Why Supafana?
Easy-to-setup, persistent, and secure observability for Supabase! Supafana removes the need to suddenly learn how to deploy container infrastructure.
Hosted
If you use hosted Supabase, chances are, you have an appreciation for having someone else handle infrastructure. Say, you want advanced observability for your Supa DB, but got better things to do than sort out Grafana deployment? Supafana is for you!
One-click setup
When things are going wrong with your production DB, the last thing you want is drop everything and march down the road of solving observability infrastricture. Supafana offers a one-click alternative.
Persistent historical data
One of the issues with running supabase-grafana as a vanilla container is having all historical data wiped on container restart. Supafana ensures historical data remains intact if your observability instance reboots.
Secure
supabase-grafana requires a highly-sensitive service_role key. Unless you’re running your Grafana container on the intranet, it’s imperative to take
security extremely seriously—for example, to keep the dashboard behind https://.
Intranet
To be clear, if you are running supabase-grafana on the intranet, it’s still imperative to take security extremely seriously.
Alerts coming soon
Supafana observability instances come pre-configured with a working SMTP setup, ready for Grafana Alerting. Alerting!
Supported
The Supafana team offers round-the-clock fanatical support to all customer teams via in-app team-to-team messaging.
Database monitoring
without a Ph.D. in Database Monitoring
The rather unfortunate NoSQL chapter in the storied almanach of database technology wasn’t born so much as a revolt against relational algebra or SQL per se, but as a totally understandable pushback against the mind-shattering complexity of getting going and maintaining a relational database in a non-enterprise—i.e. startup—setting. While the rise of cloud computing platforms unambiguously ushered in a renaissance for Postgres and friends, the getting started bar remained unacceptably high until Supabase made its debut.
Supabase managed to bring two fairly different camps of folks—the "I’ll never use Firebase because not relational" and the "I’ll suffer through the indignities of handwavy data integrity because I’m not terraforming" ones—under one, gigantic, expanding roof. This is an enormous accomplishment that will reverberate across the internetverse for decades.

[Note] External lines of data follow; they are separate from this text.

lemma winner_less: "winner j < n" and psi_winner: "\<psi> (winner j) j = highest j"
proof -
  have "highest j \<in> (\<lambda>i. \<psi> i j) ` {..<n}"
    unfolding highest_def using two_bidders by (intro Max_in) (auto simp: lessThan_empty_iff)
  then have "\<exists>i. i < n \<and> \<psi> i j = highest j" by auto
  then show "winner j < n" "\<psi> (winner j) j = highest j"
    unfolding winner_def by (metis (mono_tags, lifting) someI_ex)+
qed

lemma highest_nonneg: "j < m \<Longrightarrow> 0 \<le> highest j"
  using winner_less psi_winner psi_nonneg by metis

lemma runner_up_attained: "\<exists>i<n. i \<noteq> winner j \<and> \<psi> i j = runner_up j"
proof -
  have "runner_up j \<in> (\<lambda>i. \<psi> i j) ` ({..<n} - {winner j})"
    unfolding runner_up_def using others_nonempty by (intro Max_in) auto
  then show ?thesis by auto
qed

lemma runner_up_nonneg: "j < m \<Longrightarrow> 0 \<le> runner_up j"
  using runner_up_attained psi_nonneg by metis

lemma Max_others_le_highest: "Max ((\<lambda>i. \<psi> i j) ` ({..<n} - {a})) \<le> highest j"
  using others_nonempty psi_le_highest by (subst Max_le_iff) auto

lemma runner_up_le_highest: "runner_up j \<le> highest j"
  unfolding runner_up_def by (rule Max_others_le_highest)

lemma winnings_nonneg: "0 \<le> winnings a"
  unfolding winnings_def using highest_nonneg by (intro sum_nonneg) auto

lemma sum_winnings: "(\<Sum>a<n. winnings a) = total"
proof -
  have "(\<Sum>a<n. winnings a) = (\<Sum>j<m. \<Sum>a<n. if winner j = a then highest j else 0)"
    unfolding winnings_def by (rule sum.swap)
  also have "\<dots> = total" unfolding total_def using winner_less by (simp add: sum.delta)
  finally show ?thesis .
qed

lemma second_prices_nonneg: "0 \<le> second_prices a"
  unfolding second_prices_def using runner_up_nonneg by (intro sum_nonneg) auto

lemma second_prices_le_winnings: "second_prices a \<le> winnings a"
  unfolding second_prices_def winnings_def using runner_up_le_highest by (intro sum_mono) auto

lemma winnings_le_total: "a < n \<Longrightarrow> winnings a \<le> total"
  unfolding sum_winnings[symmetric] using winnings_nonneg by (intro member_le_sum) auto

lemma winnings_add_le_total:
  assumes "a < n" "b < n" "a \<noteq> b"
  shows "winnings a + winnings b \<le> total"
proof -
  have "(\<Sum>x\<in>{a, b}. winnings x) \<le> (\<Sum>x<n. winnings x)"
    using assms winnings_nonneg by (intro sum_mono2) auto
  then show ?thesis using assms by (simp add: sum_winnings)
qed

lemma benchmark_le:
  assumes "a < n"
  shows "Min ((\<lambda>i'. \<Sum>j<m. Max ((\<lambda>i. \<psi> i j) ` ({..<n} - {i'}))) ` {..<n})
    \<le> second_prices a + (total - winnings a)"
proof -
  have "total - winnings a = (\<Sum>j<m. if winner j = a then 0 else highest j)"
    unfolding total_def winnings_def by (simp add: sum_subtractf[symmetric]) (intro sum.cong, auto)
  then have "second_prices a + (total - winnings a)
      = (\<Sum>j<m. if winner j = a then runner_up j else highest j)"
    unfolding second_prices_def by (simp add: sum.distrib[symmetric]) (intro sum.cong, auto)
  also have "(\<Sum>j<m. Max ((\<lambda>i. \<psi> i j) ` ({..<n} - {a}))) \<le> \<dots>"
    using Max_others_le_highest by (intro sum_mono) (auto simp: runner_up_def)
  moreover have "Min ((\<lambda>i'. \<Sum>j<m. Max ((\<lambda>i. \<psi> i j) ` ({..<n} - {i'}))) ` {..<n})
      \<le> (\<Sum>j<m. Max ((\<lambda>i. \<psi> i j) ` ({..<n} - {a})))"
    using assms by (intro Min_le) auto
  ultimately show ?thesis by linarith
qed

lemma max2_bids_nonneg:
  assumes "\<And>j. j < m \<Longrightarrow> 0 \<le> \<phi> j s"
  shows "0 \<le> max2 (bids n m \<psi> \<phi> s)"
proof -
  have "0 \<le> bids n m \<psi> \<phi> s ! i" if "i < n" for i
    using that assms psi_nonneg by (auto intro!: sum_nonneg)
  then show ?thesis using two_bidders by (intro max2_geI[of 0 _ 1]) auto
qed

lemma winnings_mult_le_bid:
  assumes "c < n" "\<And>j. j < m \<Longrightarrow> 0 \<le> \<phi> j s"
    and "\<And>j. j < m \<Longrightarrow> winner j = c \<Longrightarrow> \<phi> j s = x"
  shows "winnings c * x \<le> (\<Sum>j<m. \<psi> c j * \<phi> j s)"
proof -
  have "winnings c * x = (\<Sum>j<m. if winner j = c then highest j * x else 0)"
    unfolding winnings_def sum_distrib_right by (intro sum.cong) auto
  also have "\<dots> \<le> (\<Sum>j<m. \<psi> c j * \<phi> j s)"
    using assms psi_nonneg psi_winner by (intro sum_mono) auto
  finally show ?thesis .
qed

end

section \<open>The pairing scheme\<close>

locale pairing = auction +
  fixes z :: "nat \<Rightarrow> nat \<Rightarrow> real"
  assumes z_nonneg: "\<And>a b. 0 \<le> z a b"
    and z_balance: "\<And>a. a < n \<Longrightarrow> (\<Sum>b<n. z a b) + (\<Sum>b<n. z b a) = winnings a"
begin

lemma z_le_winnings:
  assumes "a < n" "b < n"
  shows "z a b \<le> winnings a" and "z a b \<le> winnings b"
proof -
  have "z a b \<le> (\<Sum>b<n. z a b)" "z a b \<le> (\<Sum>a<n. z a b)"
    using assms z_nonneg by (intro member_le_sum; simp)+
  moreover have "0 \<le> (\<Sum>b'<n. z b' a)" "0 \<le> (\<Sum>b'<n. z b b')"
    using z_nonneg by (simp_all add: sum_nonneg)
  ultimately show "z a b \<le> winnings a" "z a b \<le> winnings b"
    using z_balance assms by fastforce+
qed

text \<open>If \<open>winnings (winner j) = 0\<close> then item \<open>j\<close> is worthless; division by zero makes its pair
  fractions \<open>0\<close>, and \<open>self_fraction\<close> sends it entirely to its own signal.\<close>

definition pair_fraction :: "nat \<Rightarrow> nat \<Rightarrow> nat \<Rightarrow> real" where
  "pair_fraction j a b =
     ((if winner j = a then z a b else 0) + (if winner j = b then z a b else 0)) / winnings (winner j)"

definition self_fraction :: "nat \<Rightarrow> real" where
  "self_fraction j =
     (if winnings (winner j) = 0 then 1 else 2 * z (winner j) (winner j) / winnings (winner j))"

definition scheme :: "nat \<Rightarrow> (nat \<times> nat) + nat \<Rightarrow> real" where
  "scheme j s = (case s of
     Inl (a, b) \<Rightarrow> if a = b then 0 else pair_fraction j a b
   | Inr k \<Rightarrow> if k = j then self_fraction j else 0)"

However, at least at the time of this writing, the skillset delta between running a Supabase Postgres project and monitoring a Supabase Postgres project remains a tad bit galactic. This is not an accident—to properly fix this, Supabase has to spin up what would essentially amount to another—observability-focused—company.
And while we’d never bet against Supabase, we figure that a) they’re too focused on core business to build an observability company and b) they’re very likely to continue dragging other database companies for filth with increasing velocity, becoming an attractive host for us, Remoras.
With this, we invite you to observe in peace, monitor with confidence, and stay hydrated with Supafana.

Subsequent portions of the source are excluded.